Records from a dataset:
_____

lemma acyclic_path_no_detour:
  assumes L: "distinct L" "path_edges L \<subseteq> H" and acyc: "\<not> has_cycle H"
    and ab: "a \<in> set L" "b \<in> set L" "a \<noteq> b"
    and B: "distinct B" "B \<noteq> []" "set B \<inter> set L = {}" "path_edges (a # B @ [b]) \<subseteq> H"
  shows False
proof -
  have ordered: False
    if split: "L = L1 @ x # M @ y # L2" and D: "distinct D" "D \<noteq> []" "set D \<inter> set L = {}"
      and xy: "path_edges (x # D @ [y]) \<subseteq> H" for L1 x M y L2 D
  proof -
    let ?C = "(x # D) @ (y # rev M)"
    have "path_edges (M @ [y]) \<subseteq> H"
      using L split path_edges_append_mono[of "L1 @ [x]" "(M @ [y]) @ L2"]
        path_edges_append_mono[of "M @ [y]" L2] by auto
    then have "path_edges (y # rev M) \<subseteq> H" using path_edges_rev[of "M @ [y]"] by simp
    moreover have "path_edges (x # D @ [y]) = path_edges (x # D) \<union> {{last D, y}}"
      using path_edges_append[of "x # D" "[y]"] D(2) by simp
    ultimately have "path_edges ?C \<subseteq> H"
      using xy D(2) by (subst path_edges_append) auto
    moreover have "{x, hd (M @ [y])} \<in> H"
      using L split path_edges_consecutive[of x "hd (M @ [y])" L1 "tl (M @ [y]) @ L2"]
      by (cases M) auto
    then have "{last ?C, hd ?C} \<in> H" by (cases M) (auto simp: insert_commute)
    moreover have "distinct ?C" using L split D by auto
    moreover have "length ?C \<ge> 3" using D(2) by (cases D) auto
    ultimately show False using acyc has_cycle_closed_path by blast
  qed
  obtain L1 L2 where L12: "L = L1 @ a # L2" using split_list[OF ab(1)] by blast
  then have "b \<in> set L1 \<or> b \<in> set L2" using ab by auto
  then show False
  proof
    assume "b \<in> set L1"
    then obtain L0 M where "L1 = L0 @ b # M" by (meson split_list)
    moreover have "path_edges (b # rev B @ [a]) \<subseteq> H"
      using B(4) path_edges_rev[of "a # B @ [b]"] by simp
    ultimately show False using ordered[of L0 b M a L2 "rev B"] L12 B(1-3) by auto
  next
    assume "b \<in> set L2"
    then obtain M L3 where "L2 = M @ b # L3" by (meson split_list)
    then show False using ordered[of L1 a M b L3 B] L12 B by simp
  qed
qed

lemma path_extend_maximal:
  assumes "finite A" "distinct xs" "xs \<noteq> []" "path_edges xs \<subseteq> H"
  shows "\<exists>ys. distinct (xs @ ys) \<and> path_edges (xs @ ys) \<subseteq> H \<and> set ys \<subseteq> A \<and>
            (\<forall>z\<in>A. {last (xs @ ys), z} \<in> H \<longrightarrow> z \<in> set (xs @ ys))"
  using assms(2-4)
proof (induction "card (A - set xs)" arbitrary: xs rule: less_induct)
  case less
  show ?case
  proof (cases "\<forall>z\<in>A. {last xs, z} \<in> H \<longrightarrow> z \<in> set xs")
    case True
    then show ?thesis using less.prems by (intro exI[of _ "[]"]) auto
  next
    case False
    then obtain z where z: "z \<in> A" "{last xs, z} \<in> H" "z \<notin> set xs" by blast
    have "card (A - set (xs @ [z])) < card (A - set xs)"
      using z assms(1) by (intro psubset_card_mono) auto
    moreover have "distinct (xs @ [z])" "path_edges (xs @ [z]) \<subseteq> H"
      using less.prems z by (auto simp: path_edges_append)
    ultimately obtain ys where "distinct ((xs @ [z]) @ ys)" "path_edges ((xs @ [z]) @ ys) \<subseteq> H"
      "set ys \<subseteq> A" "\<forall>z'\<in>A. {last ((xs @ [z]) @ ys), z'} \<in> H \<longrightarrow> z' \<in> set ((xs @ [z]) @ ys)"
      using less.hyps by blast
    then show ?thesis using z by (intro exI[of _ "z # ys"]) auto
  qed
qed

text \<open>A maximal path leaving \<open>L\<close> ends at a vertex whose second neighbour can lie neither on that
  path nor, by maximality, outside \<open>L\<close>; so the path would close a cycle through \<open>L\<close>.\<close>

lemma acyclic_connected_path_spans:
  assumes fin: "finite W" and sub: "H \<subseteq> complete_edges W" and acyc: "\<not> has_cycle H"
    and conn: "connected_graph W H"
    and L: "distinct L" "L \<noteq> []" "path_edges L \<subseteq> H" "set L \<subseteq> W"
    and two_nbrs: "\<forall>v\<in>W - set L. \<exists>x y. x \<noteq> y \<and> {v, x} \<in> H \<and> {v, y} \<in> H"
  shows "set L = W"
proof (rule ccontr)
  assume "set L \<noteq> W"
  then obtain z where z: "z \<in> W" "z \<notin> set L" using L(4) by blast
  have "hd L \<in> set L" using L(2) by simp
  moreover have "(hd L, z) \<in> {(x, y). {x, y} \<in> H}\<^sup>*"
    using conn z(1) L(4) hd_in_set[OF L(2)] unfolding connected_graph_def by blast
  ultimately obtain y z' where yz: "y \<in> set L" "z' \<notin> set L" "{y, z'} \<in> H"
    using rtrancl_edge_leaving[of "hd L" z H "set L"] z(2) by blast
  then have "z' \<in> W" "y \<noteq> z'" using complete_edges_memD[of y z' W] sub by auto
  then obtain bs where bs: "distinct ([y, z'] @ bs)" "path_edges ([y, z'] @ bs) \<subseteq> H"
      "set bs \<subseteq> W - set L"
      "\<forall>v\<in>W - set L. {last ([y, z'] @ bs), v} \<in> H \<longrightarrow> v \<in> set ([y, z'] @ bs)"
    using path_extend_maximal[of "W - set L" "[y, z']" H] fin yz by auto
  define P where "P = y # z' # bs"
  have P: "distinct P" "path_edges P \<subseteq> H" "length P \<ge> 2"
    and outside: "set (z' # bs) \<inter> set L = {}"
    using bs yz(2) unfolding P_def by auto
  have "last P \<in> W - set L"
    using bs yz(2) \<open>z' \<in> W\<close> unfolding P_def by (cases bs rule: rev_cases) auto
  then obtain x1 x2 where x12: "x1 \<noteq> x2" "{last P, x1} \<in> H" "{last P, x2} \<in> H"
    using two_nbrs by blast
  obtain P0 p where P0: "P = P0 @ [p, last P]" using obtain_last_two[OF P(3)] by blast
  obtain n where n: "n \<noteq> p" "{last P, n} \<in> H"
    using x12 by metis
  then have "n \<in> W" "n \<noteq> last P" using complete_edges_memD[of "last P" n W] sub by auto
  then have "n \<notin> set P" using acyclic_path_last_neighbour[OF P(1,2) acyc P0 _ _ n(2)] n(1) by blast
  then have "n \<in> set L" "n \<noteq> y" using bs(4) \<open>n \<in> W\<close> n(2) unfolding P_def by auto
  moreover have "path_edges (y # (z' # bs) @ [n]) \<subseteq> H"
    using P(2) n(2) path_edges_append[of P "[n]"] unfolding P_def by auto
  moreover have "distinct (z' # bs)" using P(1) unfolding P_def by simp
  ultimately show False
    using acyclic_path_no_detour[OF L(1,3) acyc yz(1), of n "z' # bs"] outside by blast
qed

_____

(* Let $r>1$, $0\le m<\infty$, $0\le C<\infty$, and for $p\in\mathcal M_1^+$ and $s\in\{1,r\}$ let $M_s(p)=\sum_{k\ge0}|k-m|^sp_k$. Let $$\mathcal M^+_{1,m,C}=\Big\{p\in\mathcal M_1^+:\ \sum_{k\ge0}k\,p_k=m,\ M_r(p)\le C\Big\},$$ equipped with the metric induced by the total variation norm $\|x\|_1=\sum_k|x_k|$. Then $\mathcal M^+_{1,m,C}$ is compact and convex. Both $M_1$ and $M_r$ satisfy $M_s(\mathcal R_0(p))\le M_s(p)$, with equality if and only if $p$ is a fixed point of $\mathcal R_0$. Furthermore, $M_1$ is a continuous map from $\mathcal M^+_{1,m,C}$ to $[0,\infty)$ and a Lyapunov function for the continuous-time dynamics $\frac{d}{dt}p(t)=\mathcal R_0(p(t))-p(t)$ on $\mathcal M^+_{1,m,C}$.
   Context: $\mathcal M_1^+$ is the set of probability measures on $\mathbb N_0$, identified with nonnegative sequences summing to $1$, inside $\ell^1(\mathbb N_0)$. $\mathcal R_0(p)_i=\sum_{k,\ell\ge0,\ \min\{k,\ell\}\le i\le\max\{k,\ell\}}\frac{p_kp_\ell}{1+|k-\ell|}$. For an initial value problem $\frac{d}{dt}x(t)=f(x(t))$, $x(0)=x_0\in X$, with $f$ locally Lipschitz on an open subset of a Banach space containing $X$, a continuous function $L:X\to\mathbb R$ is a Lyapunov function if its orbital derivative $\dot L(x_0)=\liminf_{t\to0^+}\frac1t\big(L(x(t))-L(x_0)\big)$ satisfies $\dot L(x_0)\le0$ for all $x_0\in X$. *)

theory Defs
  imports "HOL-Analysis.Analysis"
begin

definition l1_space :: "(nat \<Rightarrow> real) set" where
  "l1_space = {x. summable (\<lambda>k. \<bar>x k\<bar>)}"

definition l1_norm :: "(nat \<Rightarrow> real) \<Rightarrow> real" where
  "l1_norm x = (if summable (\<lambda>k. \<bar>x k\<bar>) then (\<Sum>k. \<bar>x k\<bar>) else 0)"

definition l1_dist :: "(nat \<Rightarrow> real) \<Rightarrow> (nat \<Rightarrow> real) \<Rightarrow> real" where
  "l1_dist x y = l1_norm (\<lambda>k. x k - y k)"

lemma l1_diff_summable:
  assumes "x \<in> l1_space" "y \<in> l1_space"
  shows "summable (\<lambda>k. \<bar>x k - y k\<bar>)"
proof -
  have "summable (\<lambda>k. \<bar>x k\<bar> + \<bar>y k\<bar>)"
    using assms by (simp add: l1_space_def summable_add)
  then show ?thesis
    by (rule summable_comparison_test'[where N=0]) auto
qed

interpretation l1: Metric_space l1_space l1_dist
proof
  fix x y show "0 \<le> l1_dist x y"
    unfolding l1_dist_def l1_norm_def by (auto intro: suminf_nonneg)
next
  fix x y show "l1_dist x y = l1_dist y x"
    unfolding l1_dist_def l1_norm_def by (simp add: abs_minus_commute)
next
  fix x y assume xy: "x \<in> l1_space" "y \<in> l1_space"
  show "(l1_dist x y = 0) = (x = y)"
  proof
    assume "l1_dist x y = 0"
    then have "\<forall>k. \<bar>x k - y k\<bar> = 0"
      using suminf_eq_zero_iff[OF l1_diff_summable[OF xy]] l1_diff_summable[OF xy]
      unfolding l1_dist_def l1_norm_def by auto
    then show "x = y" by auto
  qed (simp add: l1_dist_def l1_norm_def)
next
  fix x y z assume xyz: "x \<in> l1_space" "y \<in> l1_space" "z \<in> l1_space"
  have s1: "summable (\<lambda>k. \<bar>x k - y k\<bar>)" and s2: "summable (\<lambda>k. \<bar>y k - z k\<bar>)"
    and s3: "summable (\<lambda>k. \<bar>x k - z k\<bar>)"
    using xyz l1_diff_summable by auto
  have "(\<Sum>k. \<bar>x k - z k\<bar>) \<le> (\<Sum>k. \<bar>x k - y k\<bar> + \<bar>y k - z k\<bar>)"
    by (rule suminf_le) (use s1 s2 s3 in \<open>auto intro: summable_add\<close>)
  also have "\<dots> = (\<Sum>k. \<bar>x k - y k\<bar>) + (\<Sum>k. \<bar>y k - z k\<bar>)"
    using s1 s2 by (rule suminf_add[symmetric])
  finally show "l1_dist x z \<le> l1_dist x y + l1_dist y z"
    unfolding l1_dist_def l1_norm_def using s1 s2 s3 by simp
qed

_____

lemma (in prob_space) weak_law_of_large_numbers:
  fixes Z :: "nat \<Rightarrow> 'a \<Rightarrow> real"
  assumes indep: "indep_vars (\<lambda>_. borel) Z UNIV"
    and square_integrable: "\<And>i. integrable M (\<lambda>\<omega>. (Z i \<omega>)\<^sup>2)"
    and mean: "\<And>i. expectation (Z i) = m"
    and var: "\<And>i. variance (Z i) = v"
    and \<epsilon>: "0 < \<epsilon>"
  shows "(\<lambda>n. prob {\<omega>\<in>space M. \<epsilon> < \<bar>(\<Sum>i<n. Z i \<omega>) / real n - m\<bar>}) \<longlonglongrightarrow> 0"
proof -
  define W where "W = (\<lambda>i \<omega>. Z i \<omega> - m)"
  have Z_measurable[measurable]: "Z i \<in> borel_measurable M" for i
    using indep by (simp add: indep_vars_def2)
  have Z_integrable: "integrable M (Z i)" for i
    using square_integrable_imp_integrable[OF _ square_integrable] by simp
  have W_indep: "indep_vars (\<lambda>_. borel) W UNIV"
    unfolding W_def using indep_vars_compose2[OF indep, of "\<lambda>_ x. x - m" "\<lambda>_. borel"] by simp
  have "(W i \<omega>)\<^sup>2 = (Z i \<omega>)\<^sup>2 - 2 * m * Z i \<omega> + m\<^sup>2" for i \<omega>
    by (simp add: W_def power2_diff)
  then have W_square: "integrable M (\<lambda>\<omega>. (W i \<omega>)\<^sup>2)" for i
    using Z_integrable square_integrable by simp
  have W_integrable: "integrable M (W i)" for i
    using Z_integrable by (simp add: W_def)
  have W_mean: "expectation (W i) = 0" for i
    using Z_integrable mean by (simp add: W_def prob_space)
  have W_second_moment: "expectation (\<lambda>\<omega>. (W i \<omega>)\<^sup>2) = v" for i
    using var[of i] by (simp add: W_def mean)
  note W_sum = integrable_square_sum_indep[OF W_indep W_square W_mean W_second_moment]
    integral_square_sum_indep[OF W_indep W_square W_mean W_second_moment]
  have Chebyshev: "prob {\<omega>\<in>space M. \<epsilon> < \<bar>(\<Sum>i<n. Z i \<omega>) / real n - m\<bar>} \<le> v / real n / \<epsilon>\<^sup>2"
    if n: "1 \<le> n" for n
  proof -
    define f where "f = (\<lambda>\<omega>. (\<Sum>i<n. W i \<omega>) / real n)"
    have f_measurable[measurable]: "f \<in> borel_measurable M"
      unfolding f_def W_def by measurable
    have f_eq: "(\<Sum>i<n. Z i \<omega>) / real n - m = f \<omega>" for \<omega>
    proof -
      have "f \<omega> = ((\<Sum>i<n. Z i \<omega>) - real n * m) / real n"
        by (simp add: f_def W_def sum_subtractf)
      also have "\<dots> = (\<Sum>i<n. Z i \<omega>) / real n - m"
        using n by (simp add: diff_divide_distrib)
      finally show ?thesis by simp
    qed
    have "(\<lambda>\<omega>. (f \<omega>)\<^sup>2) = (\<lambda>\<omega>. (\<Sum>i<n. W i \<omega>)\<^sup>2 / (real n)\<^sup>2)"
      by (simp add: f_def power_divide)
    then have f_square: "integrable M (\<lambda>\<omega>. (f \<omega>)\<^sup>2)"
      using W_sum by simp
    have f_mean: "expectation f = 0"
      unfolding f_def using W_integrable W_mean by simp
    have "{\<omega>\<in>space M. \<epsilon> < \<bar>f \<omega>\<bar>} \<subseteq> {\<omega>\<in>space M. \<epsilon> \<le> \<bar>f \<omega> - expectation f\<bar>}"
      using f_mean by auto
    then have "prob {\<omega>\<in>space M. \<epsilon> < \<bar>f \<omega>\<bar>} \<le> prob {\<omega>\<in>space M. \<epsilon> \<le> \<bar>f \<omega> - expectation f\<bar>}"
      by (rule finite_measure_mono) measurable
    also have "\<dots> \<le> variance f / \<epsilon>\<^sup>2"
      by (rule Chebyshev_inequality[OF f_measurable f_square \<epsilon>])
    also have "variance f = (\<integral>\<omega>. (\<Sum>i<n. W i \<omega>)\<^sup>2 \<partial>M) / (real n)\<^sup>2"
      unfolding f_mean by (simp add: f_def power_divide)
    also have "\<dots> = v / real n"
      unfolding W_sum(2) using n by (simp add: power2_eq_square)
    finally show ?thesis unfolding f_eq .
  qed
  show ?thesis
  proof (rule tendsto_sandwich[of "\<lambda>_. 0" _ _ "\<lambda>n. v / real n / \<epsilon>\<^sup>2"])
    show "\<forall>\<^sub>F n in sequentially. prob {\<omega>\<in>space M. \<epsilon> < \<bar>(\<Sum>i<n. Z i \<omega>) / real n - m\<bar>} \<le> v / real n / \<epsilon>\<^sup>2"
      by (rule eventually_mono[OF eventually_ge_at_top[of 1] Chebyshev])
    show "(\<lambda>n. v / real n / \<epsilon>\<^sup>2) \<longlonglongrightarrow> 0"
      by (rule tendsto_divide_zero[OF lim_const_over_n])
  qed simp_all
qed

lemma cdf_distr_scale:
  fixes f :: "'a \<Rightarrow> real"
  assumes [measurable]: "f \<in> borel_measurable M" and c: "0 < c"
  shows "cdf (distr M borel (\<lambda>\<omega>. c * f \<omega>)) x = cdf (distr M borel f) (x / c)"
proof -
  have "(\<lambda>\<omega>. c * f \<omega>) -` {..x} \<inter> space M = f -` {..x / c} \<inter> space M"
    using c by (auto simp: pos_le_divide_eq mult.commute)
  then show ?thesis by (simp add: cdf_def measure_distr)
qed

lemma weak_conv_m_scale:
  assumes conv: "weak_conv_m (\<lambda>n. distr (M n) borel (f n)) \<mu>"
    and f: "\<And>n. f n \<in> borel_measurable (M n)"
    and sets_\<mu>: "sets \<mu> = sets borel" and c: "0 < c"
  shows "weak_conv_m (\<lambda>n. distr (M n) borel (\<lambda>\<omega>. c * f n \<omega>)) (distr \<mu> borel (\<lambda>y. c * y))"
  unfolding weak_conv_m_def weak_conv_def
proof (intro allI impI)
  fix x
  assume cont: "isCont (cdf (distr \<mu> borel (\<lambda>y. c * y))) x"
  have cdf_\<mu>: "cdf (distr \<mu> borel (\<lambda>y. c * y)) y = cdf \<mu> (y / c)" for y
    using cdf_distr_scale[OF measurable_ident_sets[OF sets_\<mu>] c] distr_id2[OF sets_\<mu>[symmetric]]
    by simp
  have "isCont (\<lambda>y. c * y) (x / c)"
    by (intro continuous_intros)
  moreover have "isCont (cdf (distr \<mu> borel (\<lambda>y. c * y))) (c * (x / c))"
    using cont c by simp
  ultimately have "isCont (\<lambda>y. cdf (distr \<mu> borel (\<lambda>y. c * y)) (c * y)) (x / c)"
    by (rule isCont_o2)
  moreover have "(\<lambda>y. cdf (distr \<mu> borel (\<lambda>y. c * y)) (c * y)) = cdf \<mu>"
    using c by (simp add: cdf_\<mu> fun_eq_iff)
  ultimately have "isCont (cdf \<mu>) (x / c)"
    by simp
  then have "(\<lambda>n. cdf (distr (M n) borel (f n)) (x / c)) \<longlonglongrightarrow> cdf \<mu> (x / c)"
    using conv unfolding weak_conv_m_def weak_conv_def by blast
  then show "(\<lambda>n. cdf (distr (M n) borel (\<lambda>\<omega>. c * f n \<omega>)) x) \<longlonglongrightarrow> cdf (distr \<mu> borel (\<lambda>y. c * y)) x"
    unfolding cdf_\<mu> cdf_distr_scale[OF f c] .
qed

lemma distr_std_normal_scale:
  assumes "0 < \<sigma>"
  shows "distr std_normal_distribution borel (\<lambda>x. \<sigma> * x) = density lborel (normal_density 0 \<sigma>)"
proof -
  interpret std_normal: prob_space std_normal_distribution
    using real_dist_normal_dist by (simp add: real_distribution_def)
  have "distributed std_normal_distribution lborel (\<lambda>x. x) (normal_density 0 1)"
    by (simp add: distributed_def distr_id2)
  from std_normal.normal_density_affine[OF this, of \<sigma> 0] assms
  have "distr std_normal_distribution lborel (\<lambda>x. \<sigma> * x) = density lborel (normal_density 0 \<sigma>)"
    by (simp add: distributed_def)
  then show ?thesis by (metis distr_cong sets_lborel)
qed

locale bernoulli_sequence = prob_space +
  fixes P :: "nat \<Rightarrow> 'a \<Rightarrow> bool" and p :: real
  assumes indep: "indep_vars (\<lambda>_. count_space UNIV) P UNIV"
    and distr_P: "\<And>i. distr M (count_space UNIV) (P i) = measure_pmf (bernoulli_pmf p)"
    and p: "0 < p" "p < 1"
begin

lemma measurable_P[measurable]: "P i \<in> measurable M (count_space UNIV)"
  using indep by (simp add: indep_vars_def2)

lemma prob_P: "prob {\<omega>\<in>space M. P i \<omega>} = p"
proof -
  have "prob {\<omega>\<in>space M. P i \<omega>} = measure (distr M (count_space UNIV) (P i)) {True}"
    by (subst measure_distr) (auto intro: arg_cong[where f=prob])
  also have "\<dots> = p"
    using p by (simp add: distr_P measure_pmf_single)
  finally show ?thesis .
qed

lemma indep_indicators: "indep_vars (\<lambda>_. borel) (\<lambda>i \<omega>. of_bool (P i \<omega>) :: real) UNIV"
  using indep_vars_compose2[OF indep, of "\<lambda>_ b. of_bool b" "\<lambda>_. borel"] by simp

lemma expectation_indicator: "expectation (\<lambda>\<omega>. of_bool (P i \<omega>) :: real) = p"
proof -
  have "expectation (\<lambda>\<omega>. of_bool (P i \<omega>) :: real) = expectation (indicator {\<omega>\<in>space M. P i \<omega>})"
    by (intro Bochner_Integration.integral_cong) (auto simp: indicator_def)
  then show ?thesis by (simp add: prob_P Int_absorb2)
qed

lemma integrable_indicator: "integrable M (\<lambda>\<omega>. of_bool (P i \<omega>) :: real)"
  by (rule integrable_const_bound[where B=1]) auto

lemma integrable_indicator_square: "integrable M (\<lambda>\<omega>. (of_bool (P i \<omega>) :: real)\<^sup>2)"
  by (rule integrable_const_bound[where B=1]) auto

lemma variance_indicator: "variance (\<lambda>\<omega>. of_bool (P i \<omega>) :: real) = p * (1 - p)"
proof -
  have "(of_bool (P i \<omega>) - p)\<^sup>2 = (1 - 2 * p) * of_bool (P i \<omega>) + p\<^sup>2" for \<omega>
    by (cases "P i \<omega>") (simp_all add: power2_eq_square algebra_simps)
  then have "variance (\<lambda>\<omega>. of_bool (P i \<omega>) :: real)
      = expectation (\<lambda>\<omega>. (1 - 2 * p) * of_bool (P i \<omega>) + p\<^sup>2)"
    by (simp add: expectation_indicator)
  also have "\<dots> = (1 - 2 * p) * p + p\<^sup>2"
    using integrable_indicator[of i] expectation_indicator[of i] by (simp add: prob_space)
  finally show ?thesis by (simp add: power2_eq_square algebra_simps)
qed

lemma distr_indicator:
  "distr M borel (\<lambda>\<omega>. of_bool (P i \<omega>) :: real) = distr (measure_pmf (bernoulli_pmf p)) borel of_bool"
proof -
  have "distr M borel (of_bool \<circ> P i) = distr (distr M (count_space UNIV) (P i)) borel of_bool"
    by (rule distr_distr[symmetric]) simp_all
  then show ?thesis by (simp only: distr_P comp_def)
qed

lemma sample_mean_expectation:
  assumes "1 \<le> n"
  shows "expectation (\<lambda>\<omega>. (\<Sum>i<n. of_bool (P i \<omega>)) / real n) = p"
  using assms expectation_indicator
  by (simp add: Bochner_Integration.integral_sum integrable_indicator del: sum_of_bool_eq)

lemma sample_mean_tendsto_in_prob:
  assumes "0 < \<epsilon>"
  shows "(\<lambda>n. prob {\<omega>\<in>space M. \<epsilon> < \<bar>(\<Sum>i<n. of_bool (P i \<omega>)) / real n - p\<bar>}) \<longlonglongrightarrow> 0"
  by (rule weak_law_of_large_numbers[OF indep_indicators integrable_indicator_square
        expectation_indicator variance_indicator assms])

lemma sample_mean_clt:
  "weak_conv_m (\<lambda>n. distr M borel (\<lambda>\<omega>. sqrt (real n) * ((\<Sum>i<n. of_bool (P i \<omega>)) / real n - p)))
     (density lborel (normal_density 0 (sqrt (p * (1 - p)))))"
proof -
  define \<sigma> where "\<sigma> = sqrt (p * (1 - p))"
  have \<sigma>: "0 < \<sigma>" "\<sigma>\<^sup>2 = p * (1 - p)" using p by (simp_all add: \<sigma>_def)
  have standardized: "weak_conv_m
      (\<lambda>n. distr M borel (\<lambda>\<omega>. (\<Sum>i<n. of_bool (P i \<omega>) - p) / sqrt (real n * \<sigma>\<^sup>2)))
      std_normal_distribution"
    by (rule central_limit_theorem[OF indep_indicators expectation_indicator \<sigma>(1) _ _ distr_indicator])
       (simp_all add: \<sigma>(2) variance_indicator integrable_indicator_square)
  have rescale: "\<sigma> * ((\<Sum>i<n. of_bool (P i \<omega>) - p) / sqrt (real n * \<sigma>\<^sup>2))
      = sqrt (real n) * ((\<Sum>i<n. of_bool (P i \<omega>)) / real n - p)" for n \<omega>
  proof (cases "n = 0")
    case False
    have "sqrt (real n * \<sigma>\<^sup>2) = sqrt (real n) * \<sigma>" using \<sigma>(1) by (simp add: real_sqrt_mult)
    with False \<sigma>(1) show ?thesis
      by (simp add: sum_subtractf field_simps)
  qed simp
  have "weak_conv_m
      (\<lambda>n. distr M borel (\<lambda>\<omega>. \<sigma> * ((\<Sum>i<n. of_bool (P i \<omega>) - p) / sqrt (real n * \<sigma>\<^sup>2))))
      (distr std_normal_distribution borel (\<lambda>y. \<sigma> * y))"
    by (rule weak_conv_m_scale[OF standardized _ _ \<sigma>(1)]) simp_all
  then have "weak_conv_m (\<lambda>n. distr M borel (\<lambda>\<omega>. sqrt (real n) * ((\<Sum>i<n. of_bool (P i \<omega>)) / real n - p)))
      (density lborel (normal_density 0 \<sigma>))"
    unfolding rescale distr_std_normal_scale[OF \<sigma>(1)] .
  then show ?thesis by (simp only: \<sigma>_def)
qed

_____

Which lines in the records above contain the string "only"? Copy each one.

→ **Solution to the exercise**
(* Let $r>1$, $0\le m<\infty$, $0\le C<\infty$, and for $p\in\mathcal M_1^+$ and $s\in\{1,r\}$ let $M_s(p)=\sum_{k\ge0}|k-m|^sp_k$. Let $$\mathcal M^+_{1,m,C}=\Big\{p\in\mathcal M_1^+:\ \sum_{k\ge0}k\,p_k=m,\ M_r(p)\le C\Big\},$$ equipped with the metric induced by the total variation norm $\|x\|_1=\sum_k|x_k|$. Then $\mathcal M^+_{1,m,C}$ is compact and convex. Both $M_1$ and $M_r$ satisfy $M_s(\mathcal R_0(p))\le M_s(p)$, with equality if and only if $p$ is a fixed point of $\mathcal R_0$. Furthermore, $M_1$ is a continuous map from $\mathcal M^+_{1,m,C}$ to $[0,\infty)$ and a Lyapunov function for the continuous-time dynamics $\frac{d}{dt}p(t)=\mathcal R_0(p(t))-p(t)$ on $\mathcal M^+_{1,m,C}$.
  then show ?thesis by (simp only: distr_P comp_def)
  then show ?thesis by (simp only: \<sigma>_def)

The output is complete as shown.